__Records provided__
(* Let $K\ge 1$ and, for $k=1,\dots,K$, let $a_k>0$, $b_k>0$, $P_{L,k}>0$, and $\bar{\gamma}>0$. Let $Z_1,\dots,Z_K$ be independent, with $Z_k$ gamma distributed with shape $a_k$ and scale $b_k$ (the moment-matched gamma approximation described in the context), and set $\gamma_k=\frac{\bar{\gamma}}{P_{L,k}}Z_k^2$ and $\gamma^*=\max_{1\le k\le K}\gamma_k$. Then for $\gamma\ge 0$ the CDF of $\gamma^*$ is $$F_{\gamma^*}(\gamma)=\sum_{n_1=0}^{\infty}\cdots\sum_{n_K=0}^{\infty}\prod_{k=1}^{K}\frac{(-1)^{n_k}\left(\sqrt{\frac{P_{L,k}}{\bar{\gamma}b_k^2}}\right)^{a_k+n_k}}{n_k!\,(a_k+n_k)\,\Gamma(a_k)}\;\gamma^{\frac{\sum_{k=1}^{K}(a_k+n_k)}{2}},$$ and for $\gamma>0$ the PDF of $\gamma^*$ is $$f_{\gamma^*}(\gamma)=\sum_{j=1}^{K}\frac{\left(\frac{P_{L,j}}{\bar{\gamma}}\gamma\right)^{\frac{a_j-1}{2}}\exp\left(-\sqrt{\frac{P_{L,j}}{\bar{\gamma}b_j^2}\gamma}\right)}{2b_j^{a_j}\Gamma(a_j)\sqrt{\frac{\bar{\gamma}}{P_{L,j}}\gamma}}\;\sum_{(n_k)_{k\ne j}\in\mathbb{Z}_{\ge0}^{K-1}}\;\prod_{k\ne j}\frac{(-1)^{n_k}\left(\sqrt{\frac{P_{L,k}}{\bar{\gamma}b_k^2}}\right)^{a_k+n_k}}{n_k!\,(a_k+n_k)\,\Gamma(a_k)}\;\gamma^{\frac{\sum_{k\ne j}(a_k+n_k)}{2}}.$$
   Context: Model: there are $K$ reflecting surfaces; surface $k$ has $N_k$ elements with mutually independent amplitudes $\alpha_k^{(i)}$ (Nakagami-$m$, shape $m_{k,1}$, spread $\Omega_{k,1}$) and $\beta_k^{(i)}$ (Nakagami-$m$, shape $m_{k,2}$, spread $\Omega_{k,2}$), and $a_k=N_k\mu_k^2/\sigma_k^2$, $b_k=\sigma_k^2/\mu_k$, where $\mu_k$ and $\sigma_k^2$ are the mean and variance of $\alpha_k^{(1)}\beta_k^{(1)}$; the distribution of $\sum_{i=1}^{N_k}\alpha_k^{(i)}\beta_k^{(i)}$ is approximated by the gamma law with shape $a_k$, scale $b_k$ (density $z^{a_k-1}e^{-z/b_k}/(\Gamma(a_k)b_k^{a_k})$). $P_{L,k}$ is the path loss of path $k$, $\bar{\gamma}$ the average SNR, and $\gamma^*$ the SNR of the selected (best) surface. *)

theory Defs
  imports "HOL-Probability.Probability"
begin

definition gamma_density :: "real \<Rightarrow> real \<Rightarrow> real \<Rightarrow> real" where
  "gamma_density a b z =
     (if 0 < z then z powr (a - 1) * exp (- z / b) / (Gamma a * b powr a) else 0)"

definition ser_coeff :: "real \<Rightarrow> real \<Rightarrow> real \<Rightarrow> real \<Rightarrow> nat \<Rightarrow> real" where
  "ser_coeff a b PL gbar n =
     (-1) ^ n * (sqrt (PL / (gbar * b\<^sup>2))) powr (a + real n)
       / (fact n * (a + real n) * Gamma a)"

end

(*
  If Z is gamma distributed with shape a and scale b, then P(|Z| <= s) = gamma(a, s/b) / Gamma(a)
  for the lower incomplete gamma function gamma(a, y) = sum_n (-1)^n y^(a+n) / (n! (a+n)), which
  is y^a times an entire power series S with a S + y S' = e^(-y), so that its derivative is
  y^(a-1) e^(-y). As (gbar/PL) Z^2 <= g iff |Z| <= sqrt (PL g / gbar), the SNR of path k has CDF
  F_k(g) = gamma(a_k, sqrt (PL_k g / (gbar b_k^2))) / Gamma(a_k), and its series is the k-th
  factor of the multiple series in the theorem. By independence the CDF of the maximum is the
  product of the F_k, and a product of absolutely convergent series is the series over all index
  tuples. The density is the derivative of this product (product rule), which exists for g > 0;
  a continuous CDF that is differentiable off a finite set with nonnegative derivative f
  identifies the law as the one with density f.
*)
theory Submission
  imports Defs
begin

text \<open>The lower incomplete gamma function, the integral of t powr (a - 1) * exp (- t) over
  [0, y], introduced through its series; the definition is meant for a > 0 and y \<ge> 0.\<close>

definition lower_inc_Gamma_coeff :: "real \<Rightarrow> nat \<Rightarrow> real" where
  "lower_inc_Gamma_coeff a n = (-1) ^ n / (fact n * (a + real n))"

definition lower_inc_Gamma_series :: "real \<Rightarrow> real \<Rightarrow> real" where
  "lower_inc_Gamma_series a y = (\<Sum>n. lower_inc_Gamma_coeff a n * y ^ n)"

definition lower_inc_Gamma :: "real \<Rightarrow> real \<Rightarrow> real" where
  "lower_inc_Gamma a y = y powr a * lower_inc_Gamma_series a y"

lemma summable_norm_lower_inc_Gamma_coeff:
  assumes "a > 0"
  shows "summable (\<lambda>n. norm (lower_inc_Gamma_coeff a n * y ^ n))"
proof (rule summable_comparison_test)
  show "summable (\<lambda>n. \<bar>y\<bar> ^ n / fact n / a)"
    using summable_exp_generic[of "\<bar>y\<bar>"] by (intro summable_divide) (simp add: divide_inverse mult.commute)
  show "\<exists>N. \<forall>n\<ge>N. norm (norm (lower_inc_Gamma_coeff a n * y ^ n)) \<le> \<bar>y\<bar> ^ n / fact n / a"
  proof (intro exI allI impI)
    fix n :: nat
    have "norm (norm (lower_inc_Gamma_coeff a n * y ^ n)) = \<bar>y\<bar> ^ n / fact n / (a + real n)"
      using assms by (simp add: lower_inc_Gamma_coeff_def abs_mult power_abs)
    also have "\<dots> \<le> \<bar>y\<bar> ^ n / fact n / a"
      using assms by (intro divide_left_mono) auto
    finally show "norm (norm (lower_inc_Gamma_coeff a n * y ^ n)) \<le> \<bar>y\<bar> ^ n / fact n / a" .
  qed
qed

lemma lower_inc_Gamma_series_has_real_derivative:
  assumes "a > 0"
  shows "(lower_inc_Gamma_series a has_real_derivative
           (\<Sum>n. diffs (lower_inc_Gamma_coeff a) n * y ^ n)) (at y)"
  unfolding lower_inc_Gamma_series_def[abs_def]
  by (rule termdiffs_strong_converges_everywhere)
     (rule summable_norm_cancel[OF summable_norm_lower_inc_Gamma_coeff[OF assms]])

lemma lower_inc_Gamma_series_ODE:
  assumes "a > 0"
  shows "a * lower_inc_Gamma_series a y + y * (\<Sum>n. diffs (lower_inc_Gamma_coeff a) n * y ^ n)
           = exp (- y)"
proof -
  define c where "c = lower_inc_Gamma_coeff a"
  have summable: "summable (\<lambda>n. c n * x ^ n)" for x
    unfolding c_def by (rule summable_norm_cancel[OF summable_norm_lower_inc_Gamma_coeff[OF assms]])
  have "(\<lambda>n. y * (diffs c n * y ^ n)) sums (y * (\<Sum>n. diffs c n * y ^ n))"
    by (intro sums_mult summable_sums termdiff_converges_all summable)
  moreover have "y * (diffs c n * y ^ n) = real (Suc n) * (c (Suc n) * y ^ Suc n)" for n
    by (simp add: diffs_def)
  ultimately have "(\<lambda>n. real n * (c n * y ^ n)) sums (y * (\<Sum>n. diffs c n * y ^ n))"
    using sums_Suc_iff[of "\<lambda>n. real n * (c n * y ^ n)"] by simp
  then have "(\<lambda>n. a * (c n * y ^ n) + real n * (c n * y ^ n))
               sums (a * lower_inc_Gamma_series a y + y * (\<Sum>n. diffs c n * y ^ n))"
    unfolding lower_inc_Gamma_series_def c_def[symmetric]
    by (intro sums_add sums_mult summable_sums summable)
  moreover have "a * (c n * y ^ n) + real n * (c n * y ^ n) = (- y) ^ n /\<^sub>R fact n" for n
  proof -
    have "a * (c n * y ^ n) + real n * (c n * y ^ n) = (a + real n) * c n * y ^ n"
      by (simp add: algebra_simps)
    also have "(a + real n) * c n = (-1) ^ n / fact n"
      using assms by (simp add: c_def lower_inc_Gamma_coeff_def)
    finally show ?thesis
      by (simp add: power_minus[of y] divide_inverse)
  qed
  ultimately have "(\<lambda>n. (- y) ^ n /\<^sub>R fact n)
                     sums (a * lower_inc_Gamma_series a y + y * (\<Sum>n. diffs c n * y ^ n))"
    by simp
  with exp_converges[of "- y"] show ?thesis
    unfolding c_def by (rule sums_unique2[symmetric])
qed

lemma lower_inc_Gamma_has_real_derivative:
  assumes "a > 0" "y > 0"
  shows "(lower_inc_Gamma a has_real_derivative y powr (a - 1) * exp (- y)) (at y)"
proof -
  define S' where "S' = (\<Sum>n. diffs (lower_inc_Gamma_coeff a) n * y ^ n)"
  have "(lower_inc_Gamma a has_real_derivative
          y powr a * S' + a * y powr (a - 1) * lower_inc_Gamma_series a y) (at y)"
    unfolding lower_inc_Gamma_def[abs_def] S'_def
    by (rule DERIV_mult'[OF has_real_derivative_powr[OF assms(2)]
                            lower_inc_Gamma_series_has_real_derivative[OF assms(1)]])
  also have "y powr a * S' + a * y powr (a - 1) * lower_inc_Gamma_series a y
      = y powr (a - 1) * (a * lower_inc_Gamma_series a y + y * S')"
    using assms(2) by (simp add: powr_diff algebra_simps)
  finally show ?thesis
    unfolding S'_def lower_inc_Gamma_series_ODE[OF assms(1)] .
qed

lemma continuous_on_lower_inc_Gamma_series: "a > 0 \<Longrightarrow> continuous_on S (lower_inc_Gamma_series a)"
  by (meson DERIV_isCont continuous_at_imp_continuous_on lower_inc_Gamma_series_has_real_derivative)

lemma continuous_on_lower_inc_Gamma: "a > 0 \<Longrightarrow> continuous_on {0..} (lower_inc_Gamma a)"
  unfolding lower_inc_Gamma_def[abs_def]
  by (intro continuous_intros continuous_on_powr' continuous_on_lower_inc_Gamma_series) auto

lemma borel_measurable_lower_inc_Gamma:
  assumes "a > 0"
  shows "lower_inc_Gamma a \<in> borel_measurable borel"
proof -
  have [measurable]: "lower_inc_Gamma_series a \<in> borel_measurable borel"
    by (intro borel_measurable_continuous_onI continuous_on_lower_inc_Gamma_series assms)
  show ?thesis
    unfolding lower_inc_Gamma_def[abs_def] by measurable
qed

__How to complete this task__
In your answer, include only the lines above starting at the line that holds "is y^a times" and ending at the line that holds "y^(a-1) e^(-y). As", copied exactly.

__Task response__
  is y^a times an entire power series S with a S + y S' = e^(-y), so that its derivative is
  y^(a-1) e^(-y). As (gbar/PL) Z^2 <= g iff |Z| <= sqrt (PL g / gbar), the SNR of path k has CDF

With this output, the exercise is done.